Miser sur des valeurs sûres de la Ligue 1 pour amener à maturité un groupe jeune et inexpérimenté, telle est la stratégie du nouvel entraîneur général du Racing, Jean-Marc Furlan en matière de recrutement. Les arrivées de James Fanchone et de Grégory Paisley, ainsi que celle, malheureusement compromise, de Johan Radet, vont dans ce sens et la signature, hier, d'un nouveau renfort défensif en la personne de Manuel Dos Santos ne fait que confirmer cette tendance d'ailleurs dictée par la faible enveloppe allouée par le club aux transferts.

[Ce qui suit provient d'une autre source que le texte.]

theory Submission
  imports Defs
begin

text \<open>
  Put \<open>u = U\<^sup>T z\<close>. Since \<open>U\<^sup>T\<close> is a contraction, \<open>|u\<^sub>i| \<le> \<parallel>z\<parallel> \<le> 1 - \<tau>\<close>, so the cube of side
  \<open>s = \<tau> / (2 \<surd>p)\<close> centred at \<open>(u + 1)/2\<close> lies in \<open>[0,1]\<^sup>p\<close>, and its preimage \<open>B\<close> under
  \<open>b \<mapsto> (b + 1)/2\<close> is a cube of side \<open>2s\<close> around \<open>u\<close>, hence inside the ball of radius \<open>\<tau>/2\<close>.
  The slab \<open>S = B(z, \<tau>) \<inter> (U\<^sup>T)\<^sup>-\<^sup>1 B\<close> has volume at least \<open>Vol\<^sub>d(B\<^sub>\<tau>\<^sub>/\<^sub>2) Vol\<^sub>p(B) / Vol\<^sub>p(B\<^sub>\<tau>\<^sub>/\<^sub>2)\<close>:
  the map \<open>(x, y) \<mapsto> (x - U U\<^sup>T x + z + U (y - u), - U\<^sup>T x)\<close> on \<open>\<real>\<^sup>d \<times> \<real>\<^sup>p\<close> is a composition
  of three shears, hence preserves volume, and by Pythagoras it sends \<open>B\<^sub>\<tau>\<^sub>/\<^sub>2 \<times> B\<close> into
  \<open>S \<times> B\<^sub>\<tau>\<^sub>/\<^sub>2\<close>. As \<open>S\<close> lies in the preimage of \<open>A\<close> under \<open>x \<mapsto> (U\<^sup>T x + 1)/2\<close>, we get
  \<open>Q(A) \<ge> P\<^sub>X(S) \<ge> c\<^sub>0 Vol\<^sub>d(S)\<close>, and the rescaling by \<open>1/2\<close> costs a factor \<open>2\<^sup>p\<close>.
\<close>

lemma emeasure_lborel_Times:
  fixes A :: "'a::euclidean_space set" and B :: "'b::euclidean_space set"
  assumes "A \<in> sets borel" "B \<in> sets borel"
  shows "emeasure lborel (A \<times> B) = emeasure lborel A * emeasure lborel B"
  using lborel.emeasure_pair_measure_Times[where N=lborel] assms by (simp add: lborel_prod)

lemma emeasure_lborel_translation_vimage:
  fixes c :: "'a::euclidean_space"
  assumes "A \<in> sets borel"
  shows "emeasure lborel ((\<lambda>x. x + c) -` A) = emeasure lborel A"
proof -
  have "(\<lambda>x. x + c) = (+) c"
    by (auto simp: add.commute)
  then show ?thesis
    using emeasure_distr[of "(+) c" lborel borel A] assms by (simp add: lborel_distr_plus)
qed
lemma phi_a2a1 [simp]:
  "\<phi> (a2 * a1) = 1/4"
proof -
  have "\<phi> (a2 * a1) = \<Phi> [lft 2 a2, lft 1 a1]"
    by (simp add: Phi_eq_phi word_simps)
  also have "\<dots> = \<phi> a2 * \<Phi> [lft 1 a1]"
    by (intro Phi_factor_first Phi_vanishing) (simp_all add: word_simps)
  also have "\<dots> = 1/4"
    by (simp add: Phi_eq_phi word_simps)
  finally show ?thesis .
qed

lemma phi_a1_b1b2 [simp]:
  assumes "0 < i"
  shows "\<phi> (a1 ^ i * (b1 * b2)) = 0"
proof -
  have "\<phi> (a1 ^ i * (b1 * b2)) = \<Phi> [lft 1 (a1 ^ i), rgt 1 b1, rgt 2 b2]"
    using assms by (simp add: Phi_eq_phi word_simps)
  also have "\<dots> = \<phi> b2 * \<Phi> [lft 1 (a1 ^ i), rgt 1 b1]"
    using assms by (intro Phi_factor_third Phi_vanishing) (simp_all add: word_simps)
  also have "\<dots> = 0"
    using assms by (simp add: Phi_eq_phi word_simps)
  finally show ?thesis .
qed

lemma phi_a1_b2b1 [simp]:
  assumes "0 < i"
  shows "\<phi> (a1 ^ i * (b2 * b1)) = 0"
proof -
  have "\<phi> (a1 ^ i * (b2 * b1)) = \<Phi> [lft 1 (a1 ^ i), rgt 2 b2, rgt 1 b1]"
    using assms by (simp add: Phi_eq_phi word_simps)
  also have "\<dots> = \<phi> b2 * \<Phi> [lft 1 (a1 ^ i), rgt 1 b1]"
    using assms by (intro Phi_factor_second Phi_vanishing) (simp_all add: word_simps)
  also have "\<dots> = 0"
    using assms by (simp add: Phi_eq_phi word_simps)
  finally show ?thesis .
qed

lemma phi_a2_b1b2 [simp]:
  assumes "0 < i"
  shows "\<phi> (a2 ^ i * (b1 * b2)) = 0"
proof -
  have "\<phi> (a2 ^ i * (b1 * b2)) = \<Phi> [lft 2 (a2 ^ i), rgt 1 b1, rgt 2 b2]"
    using assms by (simp add: Phi_eq_phi word_simps)
  also have "\<dots> = 0"
    using assms by (intro Phi_vanishing) (simp_all add: word_simps)
  finally show ?thesis .
qed

text \<open>After centring a_2 the block {b_2} still has nonzero \<Psi>, so b_2 is first factored out of
  the centred word.\<close>
lemma phi_a2_b2b1 [simp]:
  assumes "0 < i"
  shows "\<phi> (a2 ^ i * (b2 * b1)) = 1/8"
proof -
  have "\<Phi> [centered (2, Lft) (a2 ^ i), rgt 2 b2, rgt 1 b1] =
        \<phi> b2 * \<Phi> [centered (2, Lft) (a2 ^ i), rgt 1 b1]"
    using assms by (intro Phi_factor_second Phi_vanishing) (simp_all add: word_simps)
  also have "\<Phi> [centered (2, Lft) (a2 ^ i), rgt 1 b1] = 0"
    using assms by (intro Phi_vanishing) (simp_all add: word_simps)
  finally have centered: "\<Phi> [centered (2, Lft) (a2 ^ i), rgt 2 b2, rgt 1 b1] = 0"
    by simp
  have "\<phi> (a2 ^ i * (b2 * b1)) = \<Phi> [lft 2 (a2 ^ i), rgt 2 b2, rgt 1 b1]"
    using assms by (simp add: Phi_eq_phi word_simps)
  also have "\<dots> = \<phi> (a2 ^ i) * \<Phi> [rgt 2 b2, rgt 1 b1]"
    using assms by (intro Phi_factor_first[OF _ _ centered]) (simp_all add: word_simps)
  also have "\<dots> = 1/8"
    using assms by (simp add: Phi_eq_phi word_simps)
  finally show ?thesis .
qed

lemma phi_a1a2_b1 [simp]:
  assumes "0 < j"
  shows "\<phi> (a1 * (a2 * b1 ^ j)) = 0"
proof -
  have "\<phi> (a1 * (a2 * b1 ^ j)) = \<Phi> [lft 1 a1, lft 2 a2, rgt 1 (b1 ^ j)]"
    using assms by (simp add: Phi_eq_phi word_simps)
  also have "\<dots> = \<phi> a2 * \<Phi> [lft 1 a1, rgt 1 (b1 ^ j)]"
    using assms by (intro Phi_factor_second Phi_vanishing) (simp_all add: word_simps)
  also have "\<dots> = 0"
    using assms by (simp add: Phi_eq_phi word_simps)
  finally show ?thesis .
qed

lemma phi_a1a2_b2 [simp]:
  assumes "0 < j"
  shows "\<phi> (a1 * (a2 * b2 ^ j)) = 0"
proof -
  have "\<phi> (a1 * (a2 * b2 ^ j)) = \<Phi> [lft 1 a1, lft 2 a2, rgt 2 (b2 ^ j)]"
    using assms by (simp add: Phi_eq_phi word_simps)
  also have "\<dots> = 0"
    using assms by (intro Phi_vanishing) (simp_all add: word_simps)
  finally show ?thesis .
qed

lemma phi_a2a1_b1 [simp]:
  assumes "0 < j"
  shows "\<phi> (a2 * (a1 * b1 ^ j)) = 0"
proof -
  have "\<phi> (a2 * (a1 * b1 ^ j)) = \<Phi> [lft 2 a2, lft 1 a1, rgt 1 (b1 ^ j)]"
    using assms by (simp add: Phi_eq_phi word_simps)
  also have "\<dots> = \<phi> a2 * \<Phi> [lft 1 a1, rgt 1 (b1 ^ j)]"
    using assms by (intro Phi_factor_first Phi_vanishing) (simp_all add: word_simps)
  also have "\<dots> = 0"
    using assms by (simp add: Phi_eq_phi word_simps)
  finally show ?thesis .
qed

lemma phi_a2a1_b2 [simp]:
  assumes "0 < j"
  shows "\<phi> (a2 * (a1 * b2 ^ j)) = 1/8"
proof -
  have "\<Phi> [centered (2, Lft) a2, lft 1 a1, rgt 2 (b2 ^ j)] =
        \<phi> (b2 ^ j) * \<Phi> [centered (2, Lft) a2, lft 1 a1]"
    using assms by (intro Phi_factor_third Phi_vanishing) (simp_all add: word_simps)
  also have "\<Phi> [centered (2, Lft) a2, lft 1 a1] = 0"
    using assms by (intro Phi_vanishing) (simp_all add: word_simps)
  finally have centered: "\<Phi> [centered (2, Lft) a2, lft 1 a1, rgt 2 (b2 ^ j)] = 0"
    by simp
  have "\<phi> (a2 * (a1 * b2 ^ j)) = \<Phi> [lft 2 a2, lft 1 a1, rgt 2 (b2 ^ j)]"
    using assms by (simp add: Phi_eq_phi word_simps)
  also have "\<dots> = \<phi> a2 * \<Phi> [lft 1 a1, rgt 2 (b2 ^ j)]"
    using assms by (intro Phi_factor_first[OF _ _ centered]) (simp_all add: word_simps)
  also have "\<dots> = 1/8"
    using assms by (simp add: Phi_eq_phi word_simps phi_a1_b2[of 1 j, unfolded power_one_right])
  finally show ?thesis .
qed

lemma phi_a1a2_b1b2 [simp]:
  "\<phi> (a1 * (a2 * (b1 * b2))) = 0"
proof -
  have "\<phi> (a1 * (a2 * (b1 * b2))) = \<Phi> [lft 1 a1, lft 2 a2, rgt 1 b1, rgt 2 b2]"
    by (simp add: Phi_eq_phi word_simps)
  also have "\<dots> = 0"
    by (intro Phi_vanishing) (simp_all add: word_simps)
  finally show ?thesis .
qed

lemma phi_a1a2_b2b1 [simp]:
  "\<phi> (a1 * (a2 * (b2 * b1))) = 0"
proof -
  have "\<Phi> [lft 1 a1, centered (2, Lft) a2, rgt 2 b2, rgt 1 b1] =
        \<phi> b2 * \<Phi> [lft 1 a1, centered (2, Lft) a2, rgt 1 b1]"
    by (intro Phi_factor_third Phi_vanishing) (simp_all add: word_simps)
  also have "\<Phi> [lft 1 a1, centered (2, Lft) a2, rgt 1 b1] = 0"
    by (intro Phi_vanishing) (simp_all add: word_simps)
  finally have centered: "\<Phi> [lft 1 a1, centered (2, Lft) a2, rgt 2 b2, rgt 1 b1] = 0"
    by simp
  have "\<phi> (a1 * (a2 * (b2 * b1))) = \<Phi> [lft 1 a1, lft 2 a2, rgt 2 b2, rgt 1 b1]"
    by (simp add: Phi_eq_phi word_simps)
  also have "\<dots> = \<phi> a2 * \<Phi> [lft 1 a1, rgt 2 b2, rgt 1 b1]"
    by (intro Phi_factor_second[OF _ _ centered]) (simp_all add: word_simps)
  also have "\<dots> = 0"
    by (simp add: Phi_eq_phi word_simps phi_a1_b2b1[of 1, unfolded power_one_right])
  finally show ?thesis .
qed

lemma phi_a2a1_b1b2 [simp]:
  "\<phi> (a2 * (a1 * (b1 * b2))) = 0"
proof -
  have "\<Phi> [centered (2, Lft) a2, lft 1 a1, rgt 1 b1, rgt 2 b2] =
        \<phi> b2 * \<Phi> [centered (2, Lft) a2, lft 1 a1, rgt 1 b1]"
    by (intro Phi_factor_fourth Phi_vanishing) (simp_all add: word_simps)
  also have "\<Phi> [centered (2, Lft) a2, lft 1 a1, rgt 1 b1] = 0"
    by (intro Phi_vanishing) (simp_all add: word_simps)
  finally have centered: "\<Phi> [centered (2, Lft) a2, lft 1 a1, rgt 1 b1, rgt 2 b2] = 0"
    by simp
  have "\<phi> (a2 * (a1 * (b1 * b2))) = \<Phi> [lft 2 a2, lft 1 a1, rgt 1 b1, rgt 2 b2]"
    by (simp add: Phi_eq_phi word_simps)
  also have "\<dots> = \<phi> a2 * \<Phi> [lft 1 a1, rgt 1 b1, rgt 2 b2]"
    by (intro Phi_factor_first[OF _ _ centered]) (simp_all add: word_simps)
  also have "\<dots> = 0"
    by (simp add: Phi_eq_phi word_simps phi_a1_b1b2[of 1, unfolded power_one_right])
  finally show ?thesis .
qed

lemma phi_a2a1_b2b1 [simp]:
  "\<phi> (a2 * (a1 * (b2 * b1))) = 0"
proof -
  have "\<Phi> [centered (2, Lft) a2, lft 1 a1, rgt 2 b2, rgt 1 b1] =
        \<phi> b2 * \<Phi> [centered (2, Lft) a2, lft 1 a1, rgt 1 b1]"
    by (intro Phi_factor_third Phi_vanishing) (simp_all add: word_simps)
  also have "\<Phi> [centered (2, Lft) a2, lft 1 a1, rgt 1 b1] = 0"
    by (intro Phi_vanishing) (simp_all add: word_simps)
  finally have centered: "\<Phi> [centered (2, Lft) a2, lft 1 a1, rgt 2 b2, rgt 1 b1] = 0"
    by simp
  have "\<phi> (a2 * (a1 * (b2 * b1))) = \<Phi> [lft 2 a2, lft 1 a1, rgt 2 b2, rgt 1 b1]"
    by (simp add: Phi_eq_phi word_simps)
  also have "\<dots> = \<phi> a2 * \<Phi> [lft 1 a1, rgt 2 b2, rgt 1 b1]"
    by (intro Phi_factor_first[OF _ _ centered]) (simp_all add: word_simps)
  also have "\<dots> = 0"
    by (simp add: Phi_eq_phi word_simps phi_a1_b2b1[of 1, unfolded power_one_right])
  finally show ?thesis .
qed

text \<open>The simplifier rewrites x ^ 1 to x, so the exponent-one instances are needed as well.\<close>
lemmas phi_mixed_generators [simp] =
  phi_a1_b2[of 1 1, unfolded power_one_right] phi_a1_b2[of 1, unfolded power_one_right]
  phi_a1_b2[of _ 1, unfolded power_one_right] phi_a2_b1[of 1 1, unfolded power_one_right]
  phi_a2_b1[of 1, unfolded power_one_right] phi_a2_b1[of _ 1, unfolded power_one_right]
  phi_a1_b1b2[of 1, unfolded power_one_right] phi_a1_b2b1[of 1, unfolded power_one_right]
  phi_a2_b1b2[of 1, unfolded power_one_right] phi_a2_b2b1[of 1, unfolded power_one_right]
  phi_a1a2_b1[of 1, unfolded power_one_right] phi_a1a2_b2[of 1, unfolded power_one_right]
  phi_a2a1_b1[of 1, unfolded power_one_right] phi_a2a1_b2[of 1, unfolded power_one_right]

lemma phi_sum_moments:
  assumes "m \<le> 2" "n \<le> 2"
  shows "\<phi> ((a1 + a2) ^ m * (b1 + b2) ^ n) = [[1, 1, 3/2], [1, 1/2, 5/8], [3/2, 5/8, 3/4]] ! m ! n"
proof -
  have "m \<in> {0, 1, 2}" "n \<in> {0, 1, 2}"
    using assms by auto
  then show ?thesis
    by (auto simp add: power2_sum_noncomm distrib_left distrib_right mult.assoc)
qed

Recrutement ciblé et prudent, donc, de la part de Jean-Marc Furlan, qui explique son désir de s'attacher les services du latéral gauche monégasque, qui présente le profil idéal pour encadrer et recadrer, aux côtés d'un Paisley, une défense encore inexpérimentée, quoique pleine d'envie (Bellaïd, Vergerolle, Weber et peut-être Tritz) : « Manuel est un vrai athlète qui remplit tous les critères que l'on s'est fixés avec la cellule recrutement et le Centre de Formation. C'est un joueur d'expérience, qui connaît les exigences du haut niveau. Il va tirer le groupe vers le haut ».

L'éclosion tardive à Montpellier.
C'est au Montpellier Hérault que Manuel Dos Santos Fernandes s'est fait connaître, mais c'est pourtant à Monaco que l'enfant de Roquebrune, né le 23 mars 1974 à Praia au Cap-Vert, a fait toute sa formation au point d'arriver aux portes de l'équipe première au cours de la saison 1995-1996, et de jouer son premier match en professionnel sous les couleurs de l'ASM lors d'un derby remporté contre Nice. Cette année-là, le jeune Dos Santos joue vingt matches, mais, l'année suivante, ne fait que deux apparitions avec les pros, victime de la politique qui prévaut à l'époque sur le Rocher et qui préfère miser sur des grands noms plutôt que sur un centre de formation pourtant prometteur. Transféré à Montpellier en 1997 dans l'anonymat le plus complet, « Manu » enchaîne trois saisons pleines où il se révèle comme l'un des latéraux les plus solides et les constants de première division. Quand il signe à l'Olympique de Marseille en juin 2000, fort de ce statut, il a alors 26 ans.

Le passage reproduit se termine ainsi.